You may have read in the last few months (because I’ve been kind of bragging about it) about a triathlon that’s on my schedule in just a couple of weeks. I’ve completed two triathlons before, both two years ago, and I’ve been excited about the idea to add another one to my list.

But it’s not going to happen. Over the weekend, I made a heartfelt decision to cancel my participation in the event this year.

Making this decision, and writing about it right now, is pretty emotional for me. I’m not a quitter. But I feel like a quitter, and thinking about it that way is particularly galling. I suppose I could just go out there, try my best, and somehow get myself through the event. But finishing like a weakling is not my style. And I think it would take everything I have to finish this time. If I could finish.

In reality, there are a number of reasons why I’m crossing this off my list. Only part of it is that I’m not in the kind of shape I would like to be in to swim, bike, and run over two hours. Part of why I’m not in the best of shape is because of how often I was sick over the first four months of the year. It was May before I could get on a steady schedule that would keep me getting stronger up to this point.

Being busier is a reason too, but not a good one. I’m still getting used to being busier than I have in both my work and personal lives in the last ten years. That’s a good thing for me. Being involved is good. But it also means that I have less time to hit the gym, or the road.

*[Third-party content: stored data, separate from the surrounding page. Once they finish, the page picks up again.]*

lemma upper_wmedian_le_shift:
  assumes "\<And>i. i < N \<Longrightarrow> y i \<le> x i + D"
  shows "upper_wmedian N lam y \<le> upper_wmedian N lam x + D"
proof -
  have "Sup {t. mass (\<lambda>i. y i < t) \<le> 1/2} \<le> upper_wmedian N lam x + D"
  proof (rule cSup_least)
    show "{t. mass (\<lambda>i. y i < t) \<le> 1/2} \<noteq> {}"
      using upper_wmedian_set_bounds(1) by blast
    fix t assume "t \<in> {t. mass (\<lambda>i. y i < t) \<le> 1/2}"
    moreover have "mass (\<lambda>i. x i < t - D) \<le> mass (\<lambda>i. y i < t)"
    proof (rule mass_mono)
      show "y i < t" if "i < N" "x i < t - D" for i
        using assms[OF that(1)] that(2) by linarith
    qed
    ultimately have "t - D \<in> {t. mass (\<lambda>i. x i < t) \<le> 1/2}" by simp
    then have "t - D \<le> upper_wmedian N lam x"
      unfolding upper_wmedian_eq
      by (rule cSup_upper) (rule bdd_aboveI, rule upper_wmedian_set_bounds(2))
    then show "t \<le> upper_wmedian N lam x + D" by simp
  qed
  then show ?thesis by (simp add: upper_wmedian_eq)
qed

lemma wmedian_increment_between:
  fixes x y :: "nat \<Rightarrow> real"
  defines "d \<equiv> \<lambda>i. y i - x i"
  shows "Min (d ` {..<N}) \<le> lower_wmedian N lam y - lower_wmedian N lam x"
    "lower_wmedian N lam y - lower_wmedian N lam x \<le> Max (d ` {..<N})"
    "Min (d ` {..<N}) \<le> upper_wmedian N lam y - upper_wmedian N lam x"
    "upper_wmedian N lam y - upper_wmedian N lam x \<le> Max (d ` {..<N})"
proof -
  have up: "y i \<le> x i + Max (d ` {..<N})" and down: "x i \<le> y i + - Min (d ` {..<N})"
    if "i < N" for i
    using coord_le_Max[OF that, of d] Min_le_coord[OF that, of d] by (auto simp: d_def)
  show "Min (d ` {..<N}) \<le> lower_wmedian N lam y - lower_wmedian N lam x"
    using lower_wmedian_le_shift[of x y "- Min (d ` {..<N})"] down by simp
  show "lower_wmedian N lam y - lower_wmedian N lam x \<le> Max (d ` {..<N})"
    using lower_wmedian_le_shift[of y x "Max (d ` {..<N})"] up by simp
  show "Min (d ` {..<N}) \<le> upper_wmedian N lam y - upper_wmedian N lam x"
    using upper_wmedian_le_shift[of x y "- Min (d ` {..<N})"] down by simp
  show "upper_wmedian N lam y - upper_wmedian N lam x \<le> Max (d ` {..<N})"
    using upper_wmedian_le_shift[of y x "Max (d ` {..<N})"] up by simp
qed

end

section \<open>Distribution functions enveloped by finitely many others\<close>

lemma tendsto_Max_image:
  fixes g :: "'i \<Rightarrow> 'a \<Rightarrow> real"
  assumes "finite I" "I \<noteq> {}" "\<And>i. i \<in> I \<Longrightarrow> (g i \<longlongrightarrow> l i) F"
  shows "((\<lambda>x. Max ((\<lambda>i. g i x) ` I)) \<longlongrightarrow> Max (l ` I)) F"
  using assms
proof (induction I rule: finite_ne_induct)
  case (insert j I)
  then show ?case by (simp add: tendsto_max)
qed simp

lemma tendsto_Min_image:
  fixes g :: "'i \<Rightarrow> 'a \<Rightarrow> real"
  assumes "finite I" "I \<noteq> {}" "\<And>i. i \<in> I \<Longrightarrow> (g i \<longlongrightarrow> l i) F"
  shows "((\<lambda>x. Min ((\<lambda>i. g i x) ` I)) \<longlongrightarrow> Min (l ` I)) F"
  using assms
proof (induction I rule: finite_ne_induct)
  case (insert j I)
  then show ?case by (simp add: tendsto_min)
qed simp

lemma tendsto_between_Min_Max_image:
  fixes g :: "'i \<Rightarrow> 'a \<Rightarrow> real" and F :: "'a \<Rightarrow> real"
  assumes I: "finite I" "I \<noteq> {}" and lim: "\<And>i. i \<in> I \<Longrightarrow> (g i \<longlongrightarrow> c) L"
    and lower: "\<And>t. Min ((\<lambda>i. g i t) ` I) \<le> F t" and upper: "\<And>t. F t \<le> Max ((\<lambda>i. g i t) ` I)"
  shows "(F \<longlongrightarrow> c) L"
proof (rule tendsto_sandwich[where f="\<lambda>t. Min ((\<lambda>i. g i t) ` I)" and h="\<lambda>t. Max ((\<lambda>i. g i t) ` I)"])
  have const_image: "(\<lambda>i. c) ` I = {c}"
    using I by auto
  show "((\<lambda>t. Min ((\<lambda>i. g i t) ` I)) \<longlongrightarrow> c) L"
    using tendsto_Min_image[OF I lim] by (simp add: const_image)
  show "((\<lambda>t. Max ((\<lambda>i. g i t) ` I)) \<longlongrightarrow> c) L"
    using tendsto_Max_image[OF I lim] by (simp add: const_image)
qed (intro always_eventually allI lower upper)+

But ultimately, it comes down to the most important factor. When you’re involved in a relationship with someone, and you commit your lives to each other, you’re saying (among other things) that when you really need me, I’m going to be there for you. I got out and rode my bike for over an hour on Saturday morning, then came home to help The Great Spousal Unit clear away debris from two large tree limbs that had fallen in our yard. It smashed a lattice wall we had constructed some years ago, and took out a bench we had sitting there too. The cleanup required us to do about five hours of work in the hot sun before making a trip to the county dump to get rid of the lattice, the bench, and a couple of other things that needed to go.

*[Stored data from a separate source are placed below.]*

lemma gap_refinement_generates:
  assumes "B \<in> I" "B \<subseteq> \<Omega>" "\<Omega> \<subseteq> (\<Union>k. U k - L k)" "{} \<in> I"
    and "gap_refinement I L U \<subseteq> Pow \<Omega>"
  shows "B \<in> sigma_sets \<Omega> (gap_refinement I L U)"
proof -
  interpret generated: sigma_algebra \<Omega> "sigma_sets \<Omega> (gap_refinement I L U)"
    using assms(5) by (rule sigma_algebra_sigma_sets)
  have "L k \<union> (B \<inter> U k) \<in> gap_refinement I L U" "L k \<union> ({} \<inter> U k) \<in> gap_refinement I L U" for k
    using assms(1,4) unfolding gap_refinement_def by blast+
  then have "(\<Union>k. (L k \<union> (B \<inter> U k)) - L k) \<in> sigma_sets \<Omega> (gap_refinement I L U)"
    by (intro generated.countable_nat_UN image_subsetI generated.Diff sigma_sets.Basic) simp_all
  moreover have "(\<Union>k. (L k \<union> (B \<inter> U k)) - L k) = B"
    using assms(2,3) by blast
  ultimately show ?thesis
    by simp
qed

lemma chain_generators_refine:
  fixes L U :: "nat \<Rightarrow> 'a set"
  assumes I0: "I0 \<in> chain_generators M"
    and sets: "\<And>k. L k \<in> sets M" "\<And>k. U k \<in> sets M" and LU: "\<And>k. L k \<subseteq> U k"
    and ordered: "\<And>k k'. k < k' \<Longrightarrow> U k \<subseteq> L k' \<or> U k' \<subseteq> L k"
    and cover: "space M \<subseteq> (\<Union>k. U k - L k)"
  obtains I where "I \<in> chain_generators M" "\<And>k. L k \<in> I" "\<And>k. U k \<in> I"
proof -
  note I0_facts = chain_generatorsD[OF I0]
  define I where "I = insert {} (insert (space M) (gap_refinement I0 L U))"
  have I_sets: "I \<subseteq> sets M"
    using sets I0_facts(1) unfolding I_def gap_refinement_def by auto
  then have I_space: "Z \<subseteq> space M" if "Z \<in> I" for Z
    using that sets.sets_into_space by blast
  have "X \<subseteq> Y \<or> Y \<subseteq> X" if "X \<in> I" "Y \<in> I" for X Y
  proof (cases "X \<in> gap_refinement I0 L U \<and> Y \<in> gap_refinement I0 L U")
    case True
    then show ?thesis
      using gap_refinement_chain[where I = I0 and L = L and U = U, OF I0_facts(2) LU ordered]
      by blast
  next
    case False
    then have "X \<in> {{}, space M} \<or> Y \<in> {{}, space M}"
      using that unfolding I_def by blast
    then show ?thesis
      using I_space[OF that(1)] I_space[OF that(2)] by blast
  qed
  moreover have "B \<in> sigma_sets (space M) I" if "B \<in> I0" for B
  proof -
    have "B \<subseteq> space M"
      using that I0_facts(1) sets.sets_into_space by blast
    then have "B \<in> sigma_sets (space M) (gap_refinement I0 L U)"
      using that cover I0_facts(3) I_space unfolding I_def by (intro gap_refinement_generates) auto
    then show ?thesis
      using sigma_sets_mono'[of "gap_refinement I0 L U" I] unfolding I_def by blast
  qed
  then have "sets M \<subseteq> sigma_sets (space M) I"
    unfolding I0_facts(5)[symmetric] by (intro sigma_sets_mono) blast
  ultimately have "I \<in> chain_generators M"
    using I_sets sets.sigma_sets_subset[OF I_sets] unfolding chain_generators_def I_def by auto
  moreover have "L k \<in> I" "U k \<in> I" for k
  proof -
    have "L k \<union> ({} \<inter> U k) \<in> I" "L k \<union> (space M \<inter> U k) \<in> I"
      using I0_facts(3,4) unfolding I_def gap_refinement_def by blast+
    moreover have "L k \<union> (space M \<inter> U k) = U k"
      using LU[of k] sets(2)[THEN sets.sets_into_space] by auto
    ultimately show "L k \<in> I" "U k \<in> I"
      by simp_all
  qed
  ultimately show thesis
    using that by blast
qed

If I had finished my ride and then run for about an hour, like I had planned, it would have meant that Maureen would have been left clearing away that debris all by herself. Because by the end of that ride and run, I would have been useless for the rest of the day. And the thing is, I’ve been doing that kind of thing to her a lot this Spring. Traveling to conferences and leaving her at home. Letting her do the yard work while I went to the gym. Granted, you’re going to do some of that when you’re busy, and when you’re training for an event that requires more than just a little stretch beforehand. But I knew that it was getting to be too much for her. I also heard her the hundred times when she suggested that I should call off the triathlon this year. Partly that was out of worry for my welfare, I think; and partly that was out of concern that she wasn’t getting enough help (let alone enough attention).

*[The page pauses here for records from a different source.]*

section \<open>Gadgets\<close>

text \<open>
  A gadget is a rooted graph \<open>H\<close> as in the theorem: its root \<open>r\<close> is still to receive the
  attachment edge \<open>e\<close>, whose label is the last argument of \<open>feasible\<close>.
\<close>

record gadget =
  verts :: "nat set"
  edges :: "nat set set"
  root :: nat

definition feasible :: "nat \<Rightarrow> nat \<Rightarrow> gadget \<Rightarrow> nat \<Rightarrow> bool" where
  "feasible a b G x \<longleftrightarrow> good_labelling_exists a b (verts G) (edges G) (root G) x"

definition bounded_gadget :: "nat \<Rightarrow> gadget \<Rightarrow> bool" where
  "bounded_gadget d G \<longleftrightarrow> simple_graph (verts G) (edges G) \<and> root G \<in> verts G \<and>
     (\<forall>v\<in>verts G. gdeg (edges G) v + (if v = root G then 1 else 0) \<le> d)"

definition root_degree :: "gadget \<Rightarrow> nat" where
  "root_degree G = gdeg (edges G) (root G)"

text \<open>The attachment edge of \<open>G\<close> becomes a bridge to the root of \<open>F\<close>; \<open>G\<close> is shifted past \<open>F\<close>.\<close>

definition attach :: "gadget \<Rightarrow> gadget \<Rightarrow> gadget" where
  "attach F G = (let N = Suc (Max (verts F)) in
     \<lparr>verts = verts F \<union> (+) N ` verts G,
      edges = edges F \<union> (`) ((+) N) ` edges G \<union> {{root F, N + root G}},
      root = root F\<rparr>)"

So while there are probably about a dozen reasons for me to call off this event, my spouse of almost twenty years is the one that tipped the scale. If I feel better in a couple of weeks (I gave blood again on Friday morning and Saturday’s work was especially tiring), I may make a last minute decision to participate. But right now, I’ve got to come to grips with being mad as hell at myself today, then get back to my reality tomorrow. Sometimes you do things you don’t want to because it’s right for someone important, and often that someone important isn’t even you.